▶ **Task prompt**: Where the material below has a line containing "(simp add: ac_simps)", start repeating exactly, and keep going through the line containing "(Suc k)) y)", with no other lines.

▶ **Listed records**:
◇ ◇ ◇ ◇

(* Let $\pi:H(\underline\kappa)\to\mathrm{End}_{\mathbb{C}}(V)$ be a representation and $\upsilon_0,\upsilon_n\in\mathbb{C}^*$. Define, in $\mathbb{C}(x)\otimes\mathrm{End}(V)$, $$K_0^V(x)=\frac{\pi(T_0^{-1})+(\upsilon_0^{-1}-\upsilon_0)x-x^2\pi(T_0)}{\kappa_0^{-1}(1-\kappa_0\upsilon_0x)(1+\kappa_0\upsilon_0^{-1}x)},\quad R_i^V(x)=\frac{\pi(T_i^{-1})-x\pi(T_i)}{\kappa^{-1}(1-\kappa^2x)}\ (1\le i<n),$$ $$K_n^V(x)=\frac{\pi(T_n^{-1})+(\upsilon_n^{-1}-\upsilon_n)x-x^2\pi(T_n)}{\kappa_n^{-1}(1-\kappa_n\upsilon_nx)(1+\kappa_n\upsilon_n^{-1}x)}.$$ Then, as rational functions of the spectral parameters: $K_0^V(x)R_1^V(xy)K_0^V(y)R_1^V(y/x)=R_1^V(y/x)K_0^V(y)R_1^V(xy)K_0^V(x)$; $R_i^V(x)R_{i+1}^V(xy)R_i^V(y)=R_{i+1}^V(y)R_i^V(xy)R_{i+1}^V(x)$ ($1\le i<n-1$); $K_n^V(y)R_{n-1}^V(xy)K_n^V(x)R_{n-1}^V(x/y)=R_{n-1}^V(x/y)K_n^V(x)R_{n-1}^V(xy)K_n^V(y)$; $K_0^V(x)K_0^V(x^{-1})=\mathrm{Id}_V=K_n^V(x)K_n^V(x^{-1})$, $R_i^V(x)R_i^V(x^{-1})=\mathrm{Id}_V$ ($1\le i<n$); $[K_0^V(x),R_i^V(y)]=0$ ($2\le i<n$), $[K_n^V(x),R_i^V(y)]=0$ ($1\le i<n-1$), $[R_i^V(x),R_j^V(y)]=0$ ($|i-j|\ge2$), $[K_0^V(x),K_n^V(y)]=0$. Moreover $K_0^V(0)=\kappa_0\pi(T_0^{-1})$, $R_i^V(0)=\kappa\pi(T_i^{-1})$, $K_n^V(0)=\kappa_n\pi(T_n^{-1})$, and $K_0^V(1)=R_i^V(1)=K_n^V(1)=\mathrm{Id}_V$.
   Context: Fix $n\ge2$ and $\underline\kappa=(\kappa_0,\kappa_1,\ldots,\kappa_n)\in(\mathbb{C}^* )^{n+1}$ with $\kappa_1=\cdots=\kappa_{n-1}=:\kappa$. The affine Hecke algebra $H(\underline\kappa)$ of type $\widetilde C_n$ is the unital complex algebra with generators $T_0,\ldots,T_n$, subject to the braid relations $T_0T_1T_0T_1=T_1T_0T_1T_0$, $T_{n-1}T_nT_{n-1}T_n=T_nT_{n-1}T_nT_{n-1}$, $T_iT_{i+1}T_i=T_{i+1}T_iT_{i+1}$ ($1\le i<n-1$), $T_iT_j=T_jT_i$ ($0\le i,j\le n$, $|i-j|>1$), and the quadratic relations $(T_j-\kappa_j)(T_j+\kappa_j^{-1})=0$ ($0\le j\le n$). *)

theory Defs
  imports Complex_Main
begin
(* Let $V_i\sim\mathcal M[\underline\sigma_i,\overline\sigma_i]$ with $\underline\sigma_i\le\overline\sigma_i$, $i=1,\dots,d$. The following are equivalent: (1) $V_1\dashrightarrow V_2\dashrightarrow\cdots\dashrightarrow V_d$; (2) $V_{i_1}\dashrightarrow V_{i_2}\dashrightarrow\cdots\dashrightarrow V_{i_d}$ for every permutation $(i_1,\dots,i_d)$ of $(1,\dots,d)$; (3) $(V_1,\dots,V_d)\sim\mathcal M\big(\prod_{i=1}^d[\underline\sigma_i,\overline\sigma_i]\big)$.
   Context: Sublinear expectation space $(\Omega,\mathcal H,\hat{\mathbb E})$, $\hat{\mathbb E}[X]=\sup_{Q\in\mathcal P}E_Q[X]$. $C_{b,Lip}$: bounded Lipschitz functions; $C_{l.Lip}(\mathbb R^d)$: $|\varphi(x)-\varphi(y)|\le C(1+|x|^k+|y|^k)|x-y|$. $X\dashrightarrow Y$ means $\hat{\mathbb E}[\varphi(X,Y)]=\hat{\mathbb E}[\hat{\mathbb E}[\varphi(x,Y)]_{x=X}]$ for all $\varphi\in C_{b,Lip}$; $X_1\dashrightarrow\cdots\dashrightarrow X_n$ means $(X_1,\dots,X_i)\dashrightarrow X_{i+1}$ for each $i$. For a compact convex $\Theta\subset\mathbb R^d$, a random vector $\mathbf V\sim\mathcal M(\Theta)$ (maximal distribution) if $\hat{\mathbb E}[\varphi(\mathbf V)]=\max_{\theta\in\Theta}\varphi(\theta)$ for all $\varphi\in C_{l.Lip}(\mathbb R^d)$; $\mathcal M[a,b]$ is the case $d=1$, $\Theta=[a,b]$. *)

theory Defs
  imports "HOL-Probability.Probability" "HOL-Combinatorics.Permutations"
begin
lemma higher_derivs_on_add:
  "higher_derivs_on S f fs \<Longrightarrow> higher_derivs_on S g gs \<Longrightarrow>
     higher_derivs_on S (\<lambda>x. f x + g x) (\<lambda>n x. fs n x + gs n x)"
  by (auto simp: higher_derivs_on_def intro!: derivative_intros)

lemma higher_derivs_on_diff:
  "higher_derivs_on S f fs \<Longrightarrow> higher_derivs_on S g gs \<Longrightarrow>
     higher_derivs_on S (\<lambda>x. f x - g x) (\<lambda>n x. fs n x - gs n x)"
  by (auto simp: higher_derivs_on_def intro!: derivative_intros)

lemma higher_derivs_on_cmult:
  "higher_derivs_on S f fs \<Longrightarrow> higher_derivs_on S (\<lambda>x. c * f x) (\<lambda>n x. c * fs n x)"
  by (auto simp: higher_derivs_on_def intro!: DERIV_cmult)

lemma higher_derivs_on_minus:
  "higher_derivs_on S f fs \<Longrightarrow> higher_derivs_on S (\<lambda>x. - f x) (\<lambda>n x. - fs n x)"
  by (auto simp: higher_derivs_on_def intro!: derivative_intros)

lemma higher_derivs_on_cong:
  "higher_derivs_on S f fs \<Longrightarrow> (\<And>x. x \<in> S \<Longrightarrow> f x = g x) \<Longrightarrow> higher_derivs_on S g fs"
  by (auto simp: higher_derivs_on_def)

lemma higher_derivs_on_subset:
  "higher_derivs_on S f fs \<Longrightarrow> T \<subseteq> S \<Longrightarrow> higher_derivs_on T f fs"
  unfolding higher_derivs_on_def by auto

lemma higher_derivs_on_shift:
  "higher_derivs_on S f fs \<Longrightarrow> (\<And>x. x \<in> T \<Longrightarrow> x + c \<in> S) \<Longrightarrow>
     higher_derivs_on T (\<lambda>x. f (x + c)) (\<lambda>n x. fs n (x + c))"
  unfolding higher_derivs_on_def using DERIV_shift by blast

text \<open>The n-th derivative of a product, expanded without binomial coefficients: one summand for
  each way of distributing the n differentiations over the two factors. In this form the sign
  pattern of the factors propagates by a plain induction.\<close>

fun leibniz_deriv :: "nat \<Rightarrow> (nat \<Rightarrow> real \<Rightarrow> real) \<Rightarrow> (nat \<Rightarrow> real \<Rightarrow> real) \<Rightarrow> real \<Rightarrow> real" where
  "leibniz_deriv 0 fs gs x = fs 0 x * gs 0 x"
| "leibniz_deriv (Suc n) fs gs x =
     leibniz_deriv n (\<lambda>k. fs (Suc k)) gs x + leibniz_deriv n fs (\<lambda>k. gs (Suc k)) x"

lemma has_real_derivative_leibniz_deriv:
  assumes "\<And>k. (fs k has_real_derivative fs (Suc k) x) (at x)"
    and "\<And>k. (gs k has_real_derivative gs (Suc k) x) (at x)"
  shows "((\<lambda>y. leibniz_deriv n fs gs y) has_real_derivative leibniz_deriv (Suc n) fs gs x) (at x)"
  using assms
proof (induction n arbitrary: fs gs)
  case 0
  show ?case
    using DERIV_mult[OF "0.prems"(1)[of 0] "0.prems"(2)[of 0]] by (simp add: ac_simps)
next
  case (Suc n)
  have "((\<lambda>y. leibniz_deriv n (\<lambda>k. fs (Suc k)) gs y + leibniz_deriv n fs (\<lambda>k. gs (Suc k)) y)
          has_real_derivative leibniz_deriv (Suc n) (\<lambda>k. fs (Suc k)) gs x
                              + leibniz_deriv (Suc n) fs (\<lambda>k. gs (Suc k)) x) (at x)"
    by (intro DERIV_add Suc.IH) (use Suc.prems in auto)
  then show ?case by simp
qed

lemma leibniz_deriv_minus_left: "leibniz_deriv n (\<lambda>k. - fs k) gs x = - leibniz_deriv n fs gs x"
  by (induction n arbitrary: fs gs) auto

lemma leibniz_deriv_minus_right: "leibniz_deriv n fs (\<lambda>k. - gs k) x = - leibniz_deriv n fs gs x"
  by (induction n arbitrary: fs gs) auto

lemma leibniz_deriv_sign:
  assumes "\<And>k. 0 \<le> (-1) ^ k * fs k x" "\<And>k. 0 \<le> (-1) ^ k * gs k x"
  shows "0 \<le> (-1) ^ n * leibniz_deriv n fs gs x"
  using assms
proof (induction n arbitrary: fs gs)
  case 0
  then show ?case using mult_nonneg_nonneg[OF "0.prems"(1)[of 0] "0.prems"(2)[of 0]] by simp
next
  case (Suc n)
  have "0 \<le> (-1) ^ k * - fs (Suc k) x" "0 \<le> (-1) ^ k * - gs (Suc k) x" for k
    using Suc.prems(1,2)[of "Suc k"] by simp_all
  then have "0 \<le> (-1) ^ n * leibniz_deriv n (\<lambda>k. - fs (Suc k)) gs x"
    and "0 \<le> (-1) ^ n * leibniz_deriv n fs (\<lambda>k. - gs (Suc k)) x"
    using Suc.prems by (auto intro!: Suc.IH)
  then show ?case
    by (simp add: leibniz_deriv_minus_left leibniz_deriv_minus_right algebra_simps)
qed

◇ ◇ ◇ ◇

▶ **Exercise output**:
    using DERIV_mult[OF "0.prems"(1)[of 0] "0.prems"(2)[of 0]] by (simp add: ac_simps)
next
  case (Suc n)
  have "((\<lambda>y. leibniz_deriv n (\<lambda>k. fs (Suc k)) gs y + leibniz_deriv n fs (\<lambda>k. gs (Suc k)) y)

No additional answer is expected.